Did some research on that. Apparently, the trans range sensor has to be aligned perfectly. So, I'll probably have the dealer replace that. How long should it take them to replace it? Just so I know I won't be ripped off in labor by the dealership.
Will try that alternator test. Thank you again, much appreciated.

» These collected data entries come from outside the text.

section \<open>Definable functions and surjections\<close>

lemma fun_on_in_ex:
  assumes R: "\<And>x y. sat E (s(0 := x, 1 := y)) \<phi> = R x y"
    and unique: "\<And>x. E x d \<Longrightarrow> \<exists>!y. R x y"
  shows "\<exists>G. fun_on_in E G d \<and> (\<forall>x y. rel_in E G x y \<longleftrightarrow> E x d \<and> R x y)"
proof -
  define v where "v = Suc (Suc (max_var \<phi>))"
  define \<chi> where "\<chi> = FEx v (FConj (fm_pair 1 0 v) (subst_var1 v \<phi>))"
  have "sat E (s(0 := x, 1 := p, v := y, 1 := y)) \<phi> = sat E (s(0 := x, 1 := y)) \<phi>" for x p y
    by (rule sat_cong_max_var) (simp add: v_def)
  then have \<chi>: "sat E (s(0 := x, 1 := p)) \<chi> = (\<exists>y. pair_in E p x y \<and> R x y)" for x p
    using R by (simp add: \<chi>_def v_def)
  have "\<exists>!p. \<exists>y. pair_in E p x y \<and> R x y" if x: "E x d" for x
  proof -
    obtain y where y: "R x y" "\<And>y'. R x y' \<Longrightarrow> y' = y"
      using unique[OF x] by blast
    obtain p where "pair_in E p x y"
      using pair_ex by blast
    with y pair_unique show ?thesis by blast
  qed
  then obtain G where G: "\<forall>p. E p G \<longleftrightarrow> (\<exists>x. E x d \<and> (\<exists>y. pair_in E p x y \<and> R x y))"
    using replacement[where \<phi> = \<chi>, OF \<chi>] by blast
  have rel: "rel_in E G x y \<longleftrightarrow> E x d \<and> R x y" for x y
  proof
    assume "rel_in E G x y"
    then obtain p where "E p G" "pair_in E p x y"
      unfolding rel_in_def by blast
    with G pair_inj show "E x d \<and> R x y" by metis
  next
    assume "E x d \<and> R x y"
    moreover obtain p where "pair_in E p x y"
      using pair_ex by blast
    ultimately show "rel_in E G x y"
      using G unfolding rel_in_def by blast
  qed
  have "fun_on_in E G d"
    unfolding fun_on_in_def
  proof (intro conjI allI impI)
    fix p
    assume "E p G"
    then show "\<exists>x y. pair_in E p x y \<and> E x d"
      using G by blast
  next
    fix x
    assume "E x d"
    then show "\<exists>!y. rel_in E G x y"
      using rel unique by blast
  qed
  with rel show ?thesis by blast
qed

lemma restr_in_ex: "\<exists>g. restr_in E g f a"
  using separation[where s = "\<lambda>_. a" and \<phi> = "FEx 2 (FEx 3 (FConj (fm_pair 0 2 3) (FMem 2 1)))"
      and P = "\<lambda>p. \<exists>x y. pair_in E p x y \<and> E x a" and a = f]
  unfolding restr_in_def by auto

lemma rel_in_restr: "restr_in E g f a \<Longrightarrow> rel_in E g x y \<longleftrightarrow> rel_in E f x y \<and> E x a"
  unfolding restr_in_def rel_in_def using pair_inj by blast

lemma fun_on_in_restr:
  assumes f: "fun_on_in E f d" and g: "restr_in E g f a" and a: "\<And>z. E z a \<Longrightarrow> E z d"
  shows "fun_on_in E g a"
  unfolding fun_on_in_def
proof (intro conjI allI impI)
  fix p
  assume "E p g"
  then show "\<exists>x y. pair_in E p x y \<and> E x a"
    using g unfolding restr_in_def by blast
next
  fix x
  assume "E x a"
  then show "\<exists>!y. rel_in E g x y"
    using rel_in_restr[OF g] fun_on_in_value[OF f a] fun_on_in_unique[OF f] by metis
qed

lemma surj_in_id: "\<exists>I. surj_in E I d d"
proof -
  have "\<exists>I. fun_on_in E I d \<and> (\<forall>x y. rel_in E I x y \<longleftrightarrow> E x d \<and> y = x)"
    using fun_on_in_ex[where \<phi> = "FEq 1 0" and s = "\<lambda>_. d" and R = "\<lambda>x y. y = x" and d = d]
    by simp
  then obtain I where I: "fun_on_in E I d" "\<And>x y. rel_in E I x y \<longleftrightarrow> E x d \<and> y = x"
    by blast
  then have "surj_in E I d d"
    unfolding surj_in_def by auto
  then show ?thesis ..
qed

lemma surj_in_comp:
  assumes F: "surj_in E F b m" and h: "surj_in E h m c"
  shows "\<exists>G. surj_in E G b c"
proof -
  have F_fun: "fun_on_in E F b" and h_fun: "fun_on_in E h m"
    using F h unfolding surj_in_def by blast+
  have "\<exists>!y. \<exists>z. rel_in E F x z \<and> rel_in E h z y" if x: "E x b" for x
  proof -
    obtain z where z: "rel_in E F x z"
      using fun_on_in_value[OF F_fun x] by blast
    then have "E z m"
      using F unfolding surj_in_def by blast
    then obtain y where "rel_in E h z y"
      using fun_on_in_value[OF h_fun] by blast
    with z show ?thesis
      using fun_on_in_unique[OF F_fun] fun_on_in_unique[OF h_fun] by blast
  qed
  then obtain G where G: "fun_on_in E G b" "\<forall>x y. rel_in E G x y \<longleftrightarrow> E x b \<and> (\<exists>z. rel_in E F x z \<and> rel_in E h z y)"
    using fun_on_in_ex[where s = "(\<lambda>_. F)(3 := h)" and \<phi> = "FEx 5 (FConj (fm_rel 2 0 5) (fm_rel 3 5 1))"
        and d = b and R = "\<lambda>x y. \<exists>z. rel_in E F x z \<and> rel_in E h z y"]
    by auto
  have "E y c" if "rel_in E G x y" for x y
    using that G h unfolding surj_in_def by blast
  moreover have "\<exists>x. rel_in E G x y" if y: "E y c" for y
  proof -
    obtain z where z: "rel_in E h z y"
      using y h unfolding surj_in_def by blast
    then obtain x where "rel_in E F x z"
      using F h_fun rel_in_dom unfolding surj_in_def by blast
    with z G F_fun rel_in_dom show ?thesis by blast
  qed
  ultimately have "surj_in E G b c"
    using G unfolding surj_in_def by blast
  then show ?thesis ..
qed

lemma surj_in_onto_subset:
  assumes F: "surj_in E F b c" and c': "subset_in E c' c" and e: "E e c'"
  shows "\<exists>G. surj_in E G b c'"
proof -
  let ?R = "\<lambda>x y. \<exists>z. rel_in E F x z \<and> (E z c' \<and> y = z \<or> \<not> E z c' \<and> y = e)"
  have F_fun: "fun_on_in E F b"
    using F unfolding surj_in_def by blast
  have "\<exists>!y. ?R x y" if x: "E x b" for x
  proof -
    obtain z where "rel_in E F x z"
      using fun_on_in_value[OF F_fun x] by blast
    with fun_on_in_unique[OF F_fun] show ?thesis by blast
  qed
  then obtain G where G: "fun_on_in E G b" "\<forall>x y. rel_in E G x y \<longleftrightarrow> E x b \<and> ?R x y"
    using fun_on_in_ex[where s = "(\<lambda>_. F)(3 := c', 4 := e)" and R = ?R and d = b
        and \<phi> = "FEx 5 (FConj (fm_rel 2 0 5)
                   (FOr (FConj (FMem 5 3) (FEq 1 5)) (FConj (FNeg (FMem 5 3)) (FEq 1 4))))"]
    by auto
  have "E y c'" if "rel_in E G x y" for x y
    using that G e by blast
  moreover have "\<exists>x. rel_in E G x y" if y: "E y c'" for y
  proof -
    obtain x where "rel_in E F x y"
      using y c' F unfolding surj_in_def subset_in_def by blast
    with y G F_fun rel_in_dom show ?thesis by blast
  qed
  ultimately have "surj_in E G b c'"
    using G unfolding surj_in_def by blast
  then show ?thesis ..
qed

section \<open>An infinite cardinal mapping onto a given ordinal\<close>

lemma nat_upper_bound:
  assumes m: "nat_in E m" and v: "nat_in E v"
  shows "\<exists>u. nat_in E u \<and> subset_in E m u \<and> E v u"
proof -
  consider "E v m" | "v = m \<or> E m v"
    using ordinal_trichotomy[OF nat_in_ordinal[OF m] nat_in_ordinal[OF v]] by blast
  then show ?thesis
  proof cases
    case 1
    with m show ?thesis
      unfolding subset_in_def by blast
  next
    case 2
    obtain u where u: "succ_in E u v"
      using succ_ex by blast
    have "subset_in E m u"
      using 2 u ordinal_trans[OF nat_in_ordinal[OF v]] unfolding subset_in_def succ_in_def by blast
    with u v nat_in_succ show ?thesis
      unfolding succ_in_def by blast
  qed
qed

lemma nat_fun_bounded:
  assumes "nat_in E n"
  shows "\<forall>F. fun_on_in E F n \<and> (\<forall>x y. rel_in E F x y \<longrightarrow> nat_in E y) \<longrightarrow>
           (\<exists>m. nat_in E m \<and> (\<forall>x y. rel_in E F x y \<longrightarrow> E y m))"
  using assms
proof (induction rule: nat_in_induct[where s = "\<lambda>_. n" and \<phi> =
      "FAll 2 (FImp (FConj (fm_fun_on 2 0) (FAll 3 (FAll 4 (FImp (fm_rel 2 3 4) (fm_nat 4)))))
                    (FEx 5 (FConj (fm_nat 5) (FAll 3 (FAll 4 (FImp (fm_rel 2 3 4) (FMem 4 5)))))))"])
  case (zero e)
  then show ?case
    using rel_in_dom nat_in_empty unfolding is_empty_def by blast
next
  case (succ j k)
  show ?case
  proof (intro allI impI, elim conjE)
    fix F
    assume F: "fun_on_in E F k" and F_nat: "\<forall>x y. rel_in E F x y \<longrightarrow> nat_in E y"
    have jk: "E j k" and k_iff: "\<And>x. E x k \<longleftrightarrow> E x j \<or> x = j"
      using succ.hyps(2) unfolding succ_in_def by blast+
    obtain H where H: "restr_in E H F j"
      using restr_in_ex by blast
    have "fun_on_in E H j"
      using fun_on_in_restr[OF F H] k_iff by blast
    moreover have "\<forall>x y. rel_in E H x y \<longrightarrow> nat_in E y"
      using rel_in_restr[OF H] F_nat by blast
    ultimately obtain m where m: "nat_in E m" "\<forall>x y. rel_in E H x y \<longrightarrow> E y m"
      using succ.IH by blast
    obtain v where v: "rel_in E F j v"
      using fun_on_in_value[OF F jk] by blast
    then obtain u where u: "nat_in E u" "subset_in E m u" "E v u"
      using nat_upper_bound[OF m(1)] F_nat by blast
    have "E y u" if "rel_in E F x y" for x y
    proof -
      have "E x j \<or> x = j"
        using that rel_in_dom[OF F] k_iff by blast
      then show ?thesis
        using that m(2) rel_in_restr[OF H] u v fun_on_in_unique[OF F] unfolding subset_in_def by blast
    qed
    with u show "\<exists>m. nat_in E m \<and> (\<forall>x y. rel_in E F x y \<longrightarrow> E y m)"
      by blast
  qed
qed simp

lemma nat_not_surj_omega:
  assumes "nat_in E n"
  shows "\<not> surj_in E F n omega"
proof
  assume F: "surj_in E F n omega"
  then obtain m where m: "nat_in E m" "\<forall>x y. rel_in E F x y \<longrightarrow> E y m"
    using nat_fun_bounded[OF assms] mem_omega_iff unfolding surj_in_def by blast
  then obtain x where "rel_in E F x m"
    using F mem_omega_iff unfolding surj_in_def by blast
  with m no_mem_self show False by blast
qed

lemma bij_in_imp_surj_in: "bij_in E F b c \<Longrightarrow> surj_in E F b c"
  unfolding bij_in_def surj_in_def by blast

Your welcome. Alldata gives a labor allowance of .6 of an hour to replace the range sensor.
__________________
04 Explorer Sport Trac
05 Ford Focus
05 Cashmire Thunderbird
65 F100 Short Box
08 Honda Goldwing
Ford Master with 40 years experience.
Here's what happened: We took the car to the garage and had the transmission range sensor replaced. It was 136.00 or so for the part plus labor. (Thanks, Canuck623-the garage was surprised when I told them it'd take them .6 of an hour to do it, and it definitely saved us some money. Their computer was preset to charge us for 4 hours!)
Anyway, so for a week, there were no engine codes. No issues, except it ran very roughly, just like it did before I replaced the engine mount. (I'll have to check that) The mechanic said that the car needed an alternator soon. But the tests that I did at home shows it's fine.
And today, all lights came on flashing and everything. *sigh* Could there be anything else wrong causing the original codes mentioned above to appear? Like a computer problem or whatever? I'll be taking it to Advance auto tomorrow for codes to be read.
4 hours!!!!!! WTF???? They should be reported for overcharging. In my wildest dreams I couldn't charge that much.
Lets see what the codes are before we make any guesses.
__________________
04 Explorer Sport Trac
05 Ford Focus
05 Cashmire Thunderbird
65 F100 Short Box
08 Honda Goldwing
Ford Master with 40 years experience.
I know, I know.. Not only that, I noticed some caps missing from the car. The cap covering the A/C valves, the cap covering the radiator air release valve, and some other little knicknacks are missing. Never going to take the car to that shop again.
I did the engine mount test, and wow. The engine mount has been destroyed again. I replaced the danged thing 3 months ago, and now it's broken again. *sigh* That takes care of the loud vibration situation.
As for the engine lights thing, we are going to Advance Auto in a few minutes. Will report back codes.